▸ **Task**
Sort through the listing below and keep each line with the word "intro". Copy those.

▸ **Given records**
lemma conj_sum_bracket_conj:
  "cj (\<Sum>k\<in>A. br (a k) (cj (b k))) = - (\<Sum>k\<in>A. br (b k) (cj (a k)))"
  by (simp add: conj_sum conj_bracket flip: sum_negf bracket_antisym)

lemma conj_imaginary_scale: "cj z = - z \<Longrightarrow> cj (\<i> *s z) = \<i> *s z"
  by (simp add: conj_scale)

lemma killing_bracket_conj:
  assumes "cj X = X"
  shows "killing br (br a (cj b)) X = - hkilling a (br X b)"
proof -
  have "killing br (br a (cj b)) X = killing br a (- cj (br X b))"
    using assms by (simp add: killing_invariant conj_bracket flip: bracket_antisym)
  then show ?thesis
    by (simp add: killing_minus_right hkilling_def)
qed

lemma hkilling_bracket_skew:
  assumes "cj X = X"
  shows "hkilling x (br X y) = - hkilling (br X x) y"
proof -
  have "hkilling x (br X y) = - killing br (br x (cj y)) X"
    using assms by (simp add: hkilling_def conj_bracket killing_invariant killing_minus_right
        bracket_antisym[of X "cj y"])
  also have "\<dots> = - hkilling (br X x) y"
    by (simp add: hkilling_def killing_sym[of _ X] flip: killing_invariant)
  finally show ?thesis .
qed

lemma killing_variation_vanishes:
  assumes e: "hk.orthonormal p e" and X: "cj X = X"
    and stable: "\<And>k. k < p \<Longrightarrow> br X (e k) \<in> vec.span (e ` {..<p})"
    and skew: "\<And>k j. k < p \<Longrightarrow> j < p \<Longrightarrow> hkilling (d k) (e j) + hkilling (e k) (d j) = 0"
  shows "killing br (\<Sum>k<p. br (e k) (cj (d k)) + br (d k) (cj (e k))) X = 0"
proof -
  define c where "c k j = hkilling (br X (e k)) (e j)" for k j
  define A where "A k j = cnj (c k j) * hkilling (d k) (e j)" for k j
  have ad_exp: "br X (e k) = (\<Sum>j<p. c k j *s e j)" if "k < p" for k
    unfolding c_def using stable[OF that] by (rule hk.orthonormal_expansion[OF e])
  \<comment> \<open>c is the matrix of ad X on span e, skew-Hermitian as ad X is skew for hkilling\<close>
  have c_skew: "c k j = - cnj (c j k)" for k j
    unfolding c_def using hkilling_bracket_skew[OF X, of "e k" "e j"] hk.hermitian[of "e k"]
    by simp
  have "killing br (br (e k) (cj (d k)) + br (d k) (cj (e k))) X
      = (\<Sum>j<p. A j k) - (\<Sum>j<p. A k j)" if "k < p" for k
  proof -
    have "killing br (br (e k) (cj (d k)) + br (d k) (cj (e k))) X
        = hkilling (br X (e k)) (d k) - hkilling (d k) (br X (e k))"
      by (simp add: killing_add_left killing_bracket_conj[OF X] hkilling_bracket_skew[OF X])
    also have "hkilling (br X (e k)) (d k) = (\<Sum>j<p. c k j * hkilling (e j) (d k))"
      unfolding ad_exp[OF that] by (simp add: hk.sum_left hk.scale_left)
    also have "\<dots> = (\<Sum>j<p. A j k)"
    proof (rule sum.cong)
      fix j assume "j \<in> {..<p}"
      then have "hkilling (e j) (d k) = - hkilling (d j) (e k)"
        using skew[of j k] that by (simp add: add_eq_0_iff)
      then show "c k j * hkilling (e j) (d k) = A j k"
        unfolding A_def c_skew[of k j] by simp
    qed simp
    also have "hkilling (d k) (br X (e k)) = (\<Sum>j<p. A k j)"
      unfolding ad_exp[OF that] A_def by (simp add: hk.sum_right hk.scale_right)
    finally show ?thesis .
  qed
  then have "killing br (\<Sum>k<p. br (e k) (cj (d k)) + br (d k) (cj (e k))) X
      = (\<Sum>k<p. \<Sum>j<p. A j k) - (\<Sum>k<p. \<Sum>j<p. A k j)"
    by (simp add: killing_sum_left sum_subtractf)
  then show ?thesis
    by (simp flip: sum.swap[of A])
qed

lemma lnormsq_has_derivative:
  assumes "(S has_vector_derivative S') (at t0)" and "cj (S t0) = S t0" and "cj S' = S'"
  shows "((\<lambda>t. lnormsq br cj (S t)) has_real_derivative - 2 * Re (killing br S' (S t0))) (at t0)"
proof -
  have "((\<lambda>t. cj (S t)) has_vector_derivative cj S') (at t0)"
    by (rule bounded_linear.has_vector_derivative[OF bounded_linear_conj assms(1)])
  then have "((\<lambda>t. killing br (S t) (cj (S t))) has_vector_derivative
      killing br (S t0) (cj S') + killing br S' (cj (S t0))) (at t0)"
    by (rule bounded_bilinear.has_vector_derivative[OF bounded_bilinear_killing assms(1)])
  then have "((\<lambda>t. - Re (killing br (S t) (cj (S t)))) has_vector_derivative
      - Re (killing br (S t0) (cj S') + killing br S' (cj (S t0)))) (at t0)"
    by (intro has_vector_derivative_minus
        bounded_linear.has_vector_derivative[OF bounded_linear_Re])
  moreover have "- Re (killing br (S t0) (cj S') + killing br S' (cj (S t0)))
      = - 2 * Re (killing br S' (S t0))"
    using assms(2,3) by (simp add: killing_sym[of "S t0"])
  ultimately show ?thesis
    by (simp add: lnormsq_def has_real_derivative_iff_has_vector_derivative)
qed

lemma lnormsq_orthonormal_frame_critical:
  assumes e: "\<And>t. hk.orthonormal p (e t)"
    and d: "\<And>k. k < p \<Longrightarrow> ((\<lambda>t. e t k) has_vector_derivative d k) (at t0)"
    and stable: "\<And>k. k < p \<Longrightarrow>
      br (\<i> *s (\<Sum>l<p. br (e t0 l) (cj (e t0 l)))) (e t0 k) \<in> vec.span (e t0 ` {..<p})"
  shows "((\<lambda>t. lnormsq br cj (\<i> *s (\<Sum>k<p. br (e t k) (cj (e t k))))) has_real_derivative 0) (at t0)"
proof -
  define S where "S t = \<i> *s (\<Sum>k<p. br (e t k) (cj (e t k)))" for t
  define Z where "Z = (\<Sum>k<p. br (e t0 k) (cj (d k)) + br (d k) (cj (e t0 k)))"
  have "((\<lambda>t. br (e t k) (cj (e t k))) has_vector_derivative
      br (e t0 k) (cj (d k)) + br (d k) (cj (e t0 k))) (at t0)" if "k < p" for k
    using bounded_bilinear.has_vector_derivative[OF bounded_bilinear_bracket d[OF that]
        bounded_linear.has_vector_derivative[OF bounded_linear_conj d[OF that]]] .
  then have "(S has_vector_derivative \<i> *s Z) (at t0)"
    unfolding S_def Z_def
    by (intro bounded_linear.has_vector_derivative[OF
          bounded_bilinear.bounded_linear_right[OF bounded_bilinear_vector_scale]]
        has_vector_derivative_sum) auto
  moreover have "cj (S t0) = S t0"
    unfolding S_def by (rule conj_imaginary_scale) (simp add: conj_sum_bracket_conj)
  moreover have "cj (\<i> *s Z) = \<i> *s Z"
    unfolding Z_def
    by (rule conj_imaginary_scale) (simp add: sum.distrib conj_add conj_sum_bracket_conj)
  ultimately have "((\<lambda>t. lnormsq br cj (S t)) has_real_derivative
      - 2 * Re (killing br (\<i> *s Z) (S t0))) (at t0)"
    by (rule lnormsq_has_derivative)
  moreover have "killing br Z (S t0) = 0"
    unfolding Z_def
  proof (rule killing_variation_vanishes[OF e])
    show "cj (S t0) = S t0" by fact
    show "br (S t0) (e t0 k) \<in> vec.span (e t0 ` {..<p})" if "k < p" for k
      unfolding S_def using stable[OF that] .
    show "hkilling (d k) (e t0 j) + hkilling (e t0 k) (d j) = 0" if "k < p" "j < p" for k j
      using hk.orthonormal_derivative_skew[OF e d that] .
  qed
  ultimately show ?thesis
    by (simp add: S_def killing_scale_left)
qed

end

section \<open>Pointed bounded symmetric domains and their embeddings\<close>

locale pointed_bsd =
  fixes br :: "complex^'n \<Rightarrow> complex^'n \<Rightarrow> complex^'n" and cj :: "complex^'n \<Rightarrow> complex^'n"
    and L P :: "(complex^'n) set" and H0 :: "complex^'n"
  assumes bsd_data: "bsd_data br cj L P H0"
begin

sublocale real_form br cj
  using bsd_data by unfold_locales (simp_all add: bsd_data_def)

lemma subspace_L: "vec.subspace L"
  and subspace_P: "vec.subspace P"
  using bsd_data by (simp_all add: bsd_data_def)

lemma conj_P: "x \<in> P \<Longrightarrow> cj x \<in> P"
  and bracket_P_P: "x \<in> P \<Longrightarrow> y \<in> P \<Longrightarrow> br x y \<in> L"
  and bracket_L_P: "x \<in> L \<Longrightarrow> y \<in> P \<Longrightarrow> br x y \<in> P"
  and killing_P_positive: "x \<in> P \<Longrightarrow> cj x = x \<Longrightarrow> x \<noteq> 0 \<Longrightarrow> Re (killing br x x) > 0"
  and H0_central: "x \<in> L \<Longrightarrow> br H0 x = 0"
  and H0_complex_structure: "x \<in> P \<Longrightarrow> br H0 (br H0 x) = - x"
  using bsd_data by (auto simp: bsd_data_def)

lemma decomposition: "\<exists>a\<in>L. \<exists>b\<in>P. x = a + b"
  using bsd_data by (simp add: bsd_data_def)

lemma hkilling_P_positive:
  assumes "x \<in> P" and "x \<noteq> 0"
  shows "Re (hkilling x x) > 0"
proof -
  define a where "a = (1/2) *s (x + cj x)"
  define b where "b = (- \<i>/2) *s (x - cj x)"
  have x_ab: "x = a + \<i> *s b"
    unfolding a_def b_def by (simp add: vec_eq_iff field_simps)
  have real_a: "cj a = a" and real_b: "cj b = b"
    unfolding a_def b_def by (simp_all add: conj_scale conj_add conj_diff vec_eq_iff field_simps)
  have "a \<in> P" and "b \<in> P"
    unfolding a_def b_def using assms(1) conj_P[OF assms(1)] subspace_P
    by (simp_all add: vec.subspace_add vec.subspace_diff vec.subspace_scale)
  have "hkilling x x = killing br a a + killing br b b"
    unfolding hkilling_def x_ab
    by (simp add: conj_add conj_scale real_a real_b killing_add_left killing_diff_right
        killing_scale_left killing_scale_right killing_sym[of b a] algebra_simps)
  moreover have "Re (killing br y y) \<ge> 0" if "y \<in> P" "cj y = y" for y
    using killing_P_positive[OF that] by (cases "y = 0") (auto simp: killing_def)
  moreover have "a \<noteq> 0 \<or> b \<noteq> 0"
    using x_ab assms(2) by auto
  then have "Re (killing br a a) > 0 \<or> Re (killing br b b) > 0"
    using killing_P_positive \<open>a \<in> P\<close> \<open>b \<in> P\<close> real_a real_b by blast
  ultimately show ?thesis
    using \<open>a \<in> P\<close> \<open>b \<in> P\<close> real_a real_b by force
qed

sublocale hk: definite_hermitian_on hkilling P
  by unfold_locales (simp_all add: subspace_P hkilling_P_positive)

lemma pplus_subspace: "vec.subspace (pplus br P H0)"
  unfolding vec.subspace_def pplus_def using subspace_P
  by (auto simp: vec.subspace_add vec.subspace_scale vec.subspace_0 bracket_add_right
      bracket_scale_right vector_add_ldistrib vector_smult_assoc mult.commute)

lemma pplus_subset_P: "pplus br P H0 \<subseteq> P"
  by (auto simp: pplus_def)

lemma bracket_L_pplus:
  assumes X: "X \<in> L" and b: "b \<in> pplus br P H0"
  shows "br X b \<in> pplus br P H0"
proof -
  have "b \<in> P" and H0_b: "br H0 b = \<i> *s b"
    using b by (auto simp: pplus_def)
  have "br H0 (br X b) = br (br H0 X) b + br X (br H0 b)"
    using bracket_bracket_left[of H0 X b] by simp
  also have "\<dots> = \<i> *s br X b"
    by (simp add: H0_b H0_central[OF X] bracket_scale_right)
  finally show ?thesis
    using bracket_L_P[OF X \<open>b \<in> P\<close>] by (simp add: pplus_def)
qed

lemma Sigma_sum_mem_L:
  assumes "\<And>k. k < p \<Longrightarrow> f k \<in> pplus br P H0"
  shows "\<i> *s (\<Sum>k<p. br (f k) (cj (f k))) \<in> L"
proof -
  have "br (f k) (cj (f k)) \<in> L" if "k < p" for k
    using assms[OF that] pplus_subset_P by (auto intro: bracket_P_P conj_P)
  then show ?thesis
    using subspace_L by (intro vec.subspace_scale vec.subspace_sum) auto
qed

lemma Gr_critical_if_Sigma_stabilizes:
  assumes B: "B \<in> Gr p br P H0" and stable: "\<And>b. b \<in> B \<Longrightarrow> br (Sigma br cj B) b \<in> B"
  shows "Gr_critical p br P H0 (\<lambda>B. lnormsq br cj (Sigma br cj B)) B"
  unfolding Gr_critical_def
proof (intro conjI allI impI)
  show "B \<in> Gr p br P H0" by fact
  fix v :: "real \<Rightarrow> nat \<Rightarrow> complex^'n"
  assume "(\<forall>t. \<forall>k<p. v t k \<in> pplus br P H0) \<and>
    (\<forall>t. inj_on (v t) {..<p} \<and> vec.independent (v t ` {..<p})) \<and>
    vec.span (v 0 ` {..<p}) = B \<and> (\<forall>k<p. (\<lambda>t. v t k) differentiable (at 0))"
  then have v_P: "\<forall>k<p. v t k \<in> P" and v_inj: "inj_on (v t) {..<p}"
    and v_indep: "vec.independent (v t ` {..<p})" and v0: "vec.span (v 0 ` {..<p}) = B"
    and v_diff: "\<forall>k<p. (\<lambda>t. v t k) differentiable (at 0)" for t
    using pplus_subset_P by blast+
  define e where "e t = hk.gram_schmidt (v t) p" for t
  have e_orthonormal: "hk.orthonormal p (e t)"
    and e_span: "vec.span (e t ` {..<p}) = vec.span (v t ` {..<p})" for t
    using hk.gram_schmidt_spec[OF v_P v_indep v_inj] unfolding e_def by auto
  have "vec.dim (vec.span (v t ` {..<p})) = p" for t
    using v_inj v_indep by (simp add: vec.dim_eq_card_independent card_image)
  then have Sigma_v: "Sigma br cj (vec.span (v t ` {..<p})) = \<i> *s (\<Sum>k<p. br (e t k) (cj (e t k)))"
    for t using Sigma_eq e_orthonormal e_span by blast
  define d where "d k = vector_derivative (\<lambda>t. e t k) (at 0)" for k
  have e_deriv: "((\<lambda>t. e t k) has_vector_derivative d k) (at 0)" if "k < p" for k
    using hk.gram_schmidt_differentiable[OF v_P v_indep v_inj v_diff order.refl] that
    unfolding d_def e_def by (simp add: vector_derivative_works)
  have e0_stable: "br (\<i> *s (\<Sum>l<p. br (e 0 l) (cj (e 0 l)))) (e 0 k) \<in> vec.span (e 0 ` {..<p})"
    if "k < p" for k
    using stable[of "e 0 k"] that Sigma_v[of 0] e_span[of 0] v0 by (auto intro: vec.span_base)
  have "((\<lambda>t. lnormsq br cj (\<i> *s (\<Sum>k<p. br (e t k) (cj (e t k))))) has_real_derivative 0) (at 0)"
    using lnormsq_orthonormal_frame_critical[OF e_orthonormal e_deriv e0_stable] .
  then show "((\<lambda>t. lnormsq br cj (Sigma br cj (vec.span (v t ` {..<p}))))
      has_real_derivative 0) (at 0)"
    by (simp only: Sigma_v)
qed

end

locale bsd_embedding =
  G: pointed_bsd br cj L P H0 + G': pointed_bsd br' cj' L' P' H0'
  for br :: "complex^'n \<Rightarrow> complex^'n \<Rightarrow> complex^'n" and cj L P H0
    and br' :: "complex^'m \<Rightarrow> complex^'m \<Rightarrow> complex^'m" and cj' L' P' H0' +
  fixes \<rho> :: "complex^'m \<Rightarrow> complex^'n"
  assumes linear: "Vector_Spaces.linear (*s) (*s) \<rho>"
    and inj: "inj \<rho>"
    and conj: "\<rho> (cj' x) = cj (\<rho> x)"
    and bracket: "\<rho> (br' x y) = br (\<rho> x) (\<rho> y)"
    and bracket_H0: "br H0 (\<rho> x) = \<rho> (br' H0' x)"
begin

▸ **Task output**
    by (intro has_vector_derivative_minus
    by (intro bounded_linear.has_vector_derivative[OF
    using assms[OF that] pplus_subset_P by (auto intro: bracket_P_P conj_P)
    using subspace_L by (intro vec.subspace_scale vec.subspace_sum) auto
proof (intro conjI allI impI)
    using stable[of "e 0 k"] that Sigma_v[of 0] e_span[of 0] v0 by (auto intro: vec.span_base)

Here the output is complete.